Light Sport Aircraft Committee approves quality standard.
Press Release Summary:
February 27, 2013 - ASTM F2972, Specification for Light Sport Aircraft Manufacturer’s Quality Assurance System, sets quality requirements for the manufacture, documentation, and records retention for light sport aircraft designed to ASTM consensus standards. Standard also requires that manufacturers regularly audit their operations and correct any problems. It will be used by those seeking civil aviation authority approval in the form of flight certificates, flight permits, or similar documentation for aircraft.
Original Press Release
ASTM International Light Sport Aircraft Committee Approves Quality Assurance System Standard
Press release date: February 22, 2013
W. CONSHOHOCKEN, Pa. — A new ASTM International standard sets quality requirements for the manufacture, documentation and records retention for light sport aircraft designed to ASTM consensus standards. ASTM F2972, Specification for Light Sport Aircraft Manufacturer’s Quality Assurance System, was developed by Subcommittee F37.70 on Cross Cutting, part of ASTM International Committee F37 on Light Sport Aircraft. ASTM F2972 will be used by those seeking civil aviation authority approval in the form of flight certificates, flight permits or similar documentation for aircraft.

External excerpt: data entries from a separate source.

lemma y_phase_product: "(y_phase \<theta> - y1) * (y2 - y_phase \<theta>) = rad\<^sup>2 * (sin \<theta>)\<^sup>2"
proof -
  have lower: "y_phase \<theta> - y1 = rad * (1 - cos \<theta>)"
    and upper: "y2 - y_phase \<theta> = rad * (1 + cos \<theta>)"
    unfolding y_phase_def mid_def rad_def by (simp_all add: field_simps)
  have "(y_phase \<theta> - y1) * (y2 - y_phase \<theta>) = rad\<^sup>2 * (1 - (cos \<theta>)\<^sup>2)"
    unfolding lower upper by (simp add: algebra_simps power2_eq_square)
  then show ?thesis by (simp add: sin_squared_eq)
qed

lemma y_phase_has_derivative: "(y_phase has_real_derivative rad * sin \<theta>) (at \<theta>)"
  unfolding y_phase_def[abs_def] by (rule derivative_eq_intros refl | simp)+

lemma cofactor_root_has_derivative:
  "(cofactor_root has_real_derivative
    (18 * y_phase \<theta> - cofactor_coeff) * (rad * sin \<theta>) / (2 * cofactor_root \<theta>)) (at \<theta>)"
proof -
  have "((\<lambda>\<theta>. cofactor (y_phase \<theta>)) has_real_derivative
      (18 * y_phase \<theta> - cofactor_coeff) * (rad * sin \<theta>)) (at \<theta>)"
    unfolding cofactor_def
    by (rule derivative_eq_intros y_phase_has_derivative refl | simp add: algebra_simps)+
  from DERIV_chain2[OF DERIV_real_sqrt[OF cofactor_pos[OF y_phase_bounds]] this]
  show ?thesis unfolding cofactor_root_def[abs_def] by (simp add: field_simps)
qed

lemma continuous_on_omega: "continuous_on UNIV omega"
proof -
  have "isCont omega \<theta>" for \<theta>
    unfolding omega_def[abs_def]
    by (intro continuous_intros DERIV_isCont[OF y_phase_has_derivative]
        DERIV_isCont[OF cofactor_root_has_derivative])
  then show ?thesis by (simp add: continuous_at_imp_continuous_on)
qed

lemma dkappa_sq: "(dkappa \<theta>)\<^sup>2 = first_integral d ((y_phase \<theta>)\<^sup>2)"
proof -
  have "(dkappa \<theta>)\<^sup>2
      = 16/9 * (y_phase \<theta>)^4 * (rad\<^sup>2 * (sin \<theta>)\<^sup>2 * (cofactor_root \<theta>)\<^sup>2)"
    unfolding dkappa_def by (simp add: power_mult_distrib power2_eq_square power4_eq_xxxx)
  also have "\<dots> = first_integral d ((y_phase \<theta>)\<^sup>2)"
    unfolding first_integral_square[OF y_phase_pos] cofactor_root_sq quartic_factor
      y_phase_product[symmetric] ..
  finally show ?thesis .
qed

lemma dkappa_has_derivative:
  "(dkappa has_real_derivative accel d ((y_phase \<theta>)\<^sup>2) / omega \<theta>) (at \<theta>)"
proof -
  define y S s c
    where "y = y_phase \<theta>" and "S = cofactor_root \<theta>" and "s = sin \<theta>" and "c = cos \<theta>"
  define D where "D = 4/3 * rad * (2 * y * (rad * s) * S * s
    + y\<^sup>2 * ((18 * y - cofactor_coeff) * (rad * s) / (2 * S)) * s + y\<^sup>2 * S * c)"
  have "(dkappa has_real_derivative D) (at \<theta>)"
    unfolding dkappa_def[abs_def] D_def y_def S_def s_def c_def
    by (rule derivative_eq_intros y_phase_has_derivative cofactor_root_has_derivative refl
        | simp add: algebra_simps)+
  moreover have "D * omega \<theta> = accel d ((y_phase \<theta>)\<^sup>2)"
  proof -
    have "0 < S" unfolding S_def by (rule cofactor_root_pos)
    have P: "rad\<^sup>2 * s\<^sup>2 = (y - y1) * (y2 - y)"
      unfolding s_def y_def by (rule y_phase_product[symmetric])
    have C: "rad * c = (y1 + y2 - 2 * y) / 2"
      unfolding c_def y_def y_phase_def mid_def by (simp add: field_simps)
    have "D * omega \<theta> = 8/9 * y * (2 * y * (rad\<^sup>2 * s\<^sup>2) * S\<^sup>2
        + y\<^sup>2 / 2 * ((18 * y - cofactor_coeff) * (rad\<^sup>2 * s\<^sup>2) + 2 * S\<^sup>2 * (rad * c)))"
      unfolding D_def omega_def y_def[symmetric] S_def[symmetric]
      using \<open>0 < S\<close> by (simp add: field_simps power2_eq_square)
    also have "\<dots> = 8/9 * y * (2 * y * quartic d y + y\<^sup>2 / 2 * (12 * y\<^sup>2 * (4 * d - 3 * y)))"
      unfolding P C S_def cofactor_root_sq y_def[symmetric] quartic_factor
        quartic_derivative_factor[symmetric] by (simp add: field_simps)
    also have "\<dots> = accel d ((y_phase \<theta>)\<^sup>2)"
      using accel_square[OF y_phase_pos[of \<theta>], of d] unfolding y_def[symmetric]
      by (simp add: quartic_def algebra_simps power2_eq_square power3_eq_cube
          power4_eq_xxxx power_numeral_reduce)
    finally show ?thesis .
  qed
  ultimately show ?thesis
    using omega_pos[of \<theta>] by (metis nonzero_mult_div_cancel_right order_less_irrefl)
qed

lemma dkappa_nonneg: "0 \<le> sin \<theta> \<Longrightarrow> 0 \<le> dkappa \<theta>"
  and dkappa_nonpos: "sin \<theta> \<le> 0 \<Longrightarrow> dkappa \<theta> \<le> 0"
  unfolding dkappa_def using rad_pos cofactor_root_pos[of \<theta>]
  by (simp_all add: mult_nonneg_nonpos)

lemma exists_phase:
  assumes "y1 \<le> y" "y \<le> y2" and v: "v\<^sup>2 = first_integral d (y\<^sup>2)"
  obtains \<theta> where "y_phase \<theta> = y" "dkappa \<theta> = v"
proof -
  define c where "c = (mid - y) / rad"
  have c: "-1 \<le> c" "c \<le> 1"
    using assms rad_pos unfolding c_def mid_def rad_def by (auto simp: field_simps)
  define \<theta> where "\<theta> = (if 0 \<le> v then arccos c else - arccos c)"
  have "cos \<theta> = c" unfolding \<theta>_def using c by simp
  then have y: "y_phase \<theta> = y"
    unfolding y_phase_def c_def using rad_pos by simp
  have "0 \<le> sin (arccos c)"
    using c by (simp add: sin_ge_zero arccos_bounded)
  then have "0 \<le> v \<Longrightarrow> 0 \<le> dkappa \<theta>" "v < 0 \<Longrightarrow> dkappa \<theta> \<le> 0"
    unfolding \<theta>_def by (auto intro: dkappa_nonneg dkappa_nonpos)
  moreover have "(dkappa \<theta>)\<^sup>2 = v\<^sup>2"
    unfolding dkappa_sq y v ..
  then have "dkappa \<theta> = v \<or> dkappa \<theta> = - v"
    by (simp add: power2_eq_iff)
  ultimately have "dkappa \<theta> = v"
    by linarith
  with y show ?thesis by (rule that)
qed

end

lemma quartic_roots_exist:
  assumes "d > d_star"
  obtains y1 y2 where "quartic_roots d y1 y2"
proof -
  have root: "root 4 27 < 4 * d" "0 < root 4 27"
    using assms unfolding d_star_def by simp_all
  then have "0 < d" by linarith
  have "(root 4 27) ^ 4 < (4 * d) ^ 4"
    using root by (intro power_strict_mono) auto
  then have "27 < (4 * d) ^ 4" by simp
  have top: "0 < quartic d (4 * d / 3)"
    using \<open>27 < (4 * d) ^ 4\<close> by (simp add: quartic_def field_simps power_numeral_reduce)
  obtain y1 where y1: "0 \<le> y1" "y1 \<le> 4 * d / 3" "quartic d y1 = 0"
    using IVT'[of "quartic d" 0 0 "4 * d / 3"] top \<open>0 < d\<close> continuous_on_quartic
    by (force simp: quartic_def)
  obtain y2 where y2: "4 * d / 3 \<le> y2" "y2 \<le> 2 * d" "quartic d y2 = 0"
    using IVT2'[of "quartic d" "2 * d" 0 "4 * d / 3"] top \<open>0 < d\<close> continuous_on_quartic
    by (force simp: quartic_def field_simps power_numeral_reduce)
  have "y1 \<noteq> 4 * d / 3" "y2 \<noteq> 4 * d / 3"
    using top y1(3) y2(3) by (metis less_irrefl)+
  moreover have "y1 \<noteq> 0"
    using y1(3) by (auto simp: quartic_def)
  ultimately have "0 < y1" "y1 < 4 * d / 3" "4 * d / 3 < y2"
    using y1 y2 by (simp_all add: order.strict_iff_order)
  then show ?thesis
    using y1(3) y2(3) by (intro that quartic_roots.intro)
qed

Light sport aircraft are factory-built and intended primarily for recreational flying. Adam Morrison, co-owner, Streamline Designs LLC and vice-chairman of F37, explains that this type of airplane is less costly than those certificated through traditional venues and can be operated by pilots holding a Sport Pilot license. “Essentially, LSA and sport pilot licenses lower the cost barriers to personal aviation, while still maintaining a strong set of requirements for safety,” says Morrison.
“ASTM F2972 helps to ensure that manufacturers are producing aircraft that are consistent with the design that was originally tested to show compliance to the standard,” says Morrison. “ASTM F2972 also requires that manufacturers regularly audit their operations and correct any problems.”
Morrison notes that ASTM F2972 was created by merging five standards developed earlier by F37. “All five of the resulting standards largely address the same quality assurance issues in a very similar manner,” says Morrison. “Since the subject matter is largely common across aircraft types, it made sense to harmonize these into a single standard before continuing with further needed development.”
Subcommittee F37.70 welcomes all interested parties to participate in its ongoing development of light sport aircraft standards. Manufacturers and worldwide civil aviation authorities are particularly encouraged to become involved.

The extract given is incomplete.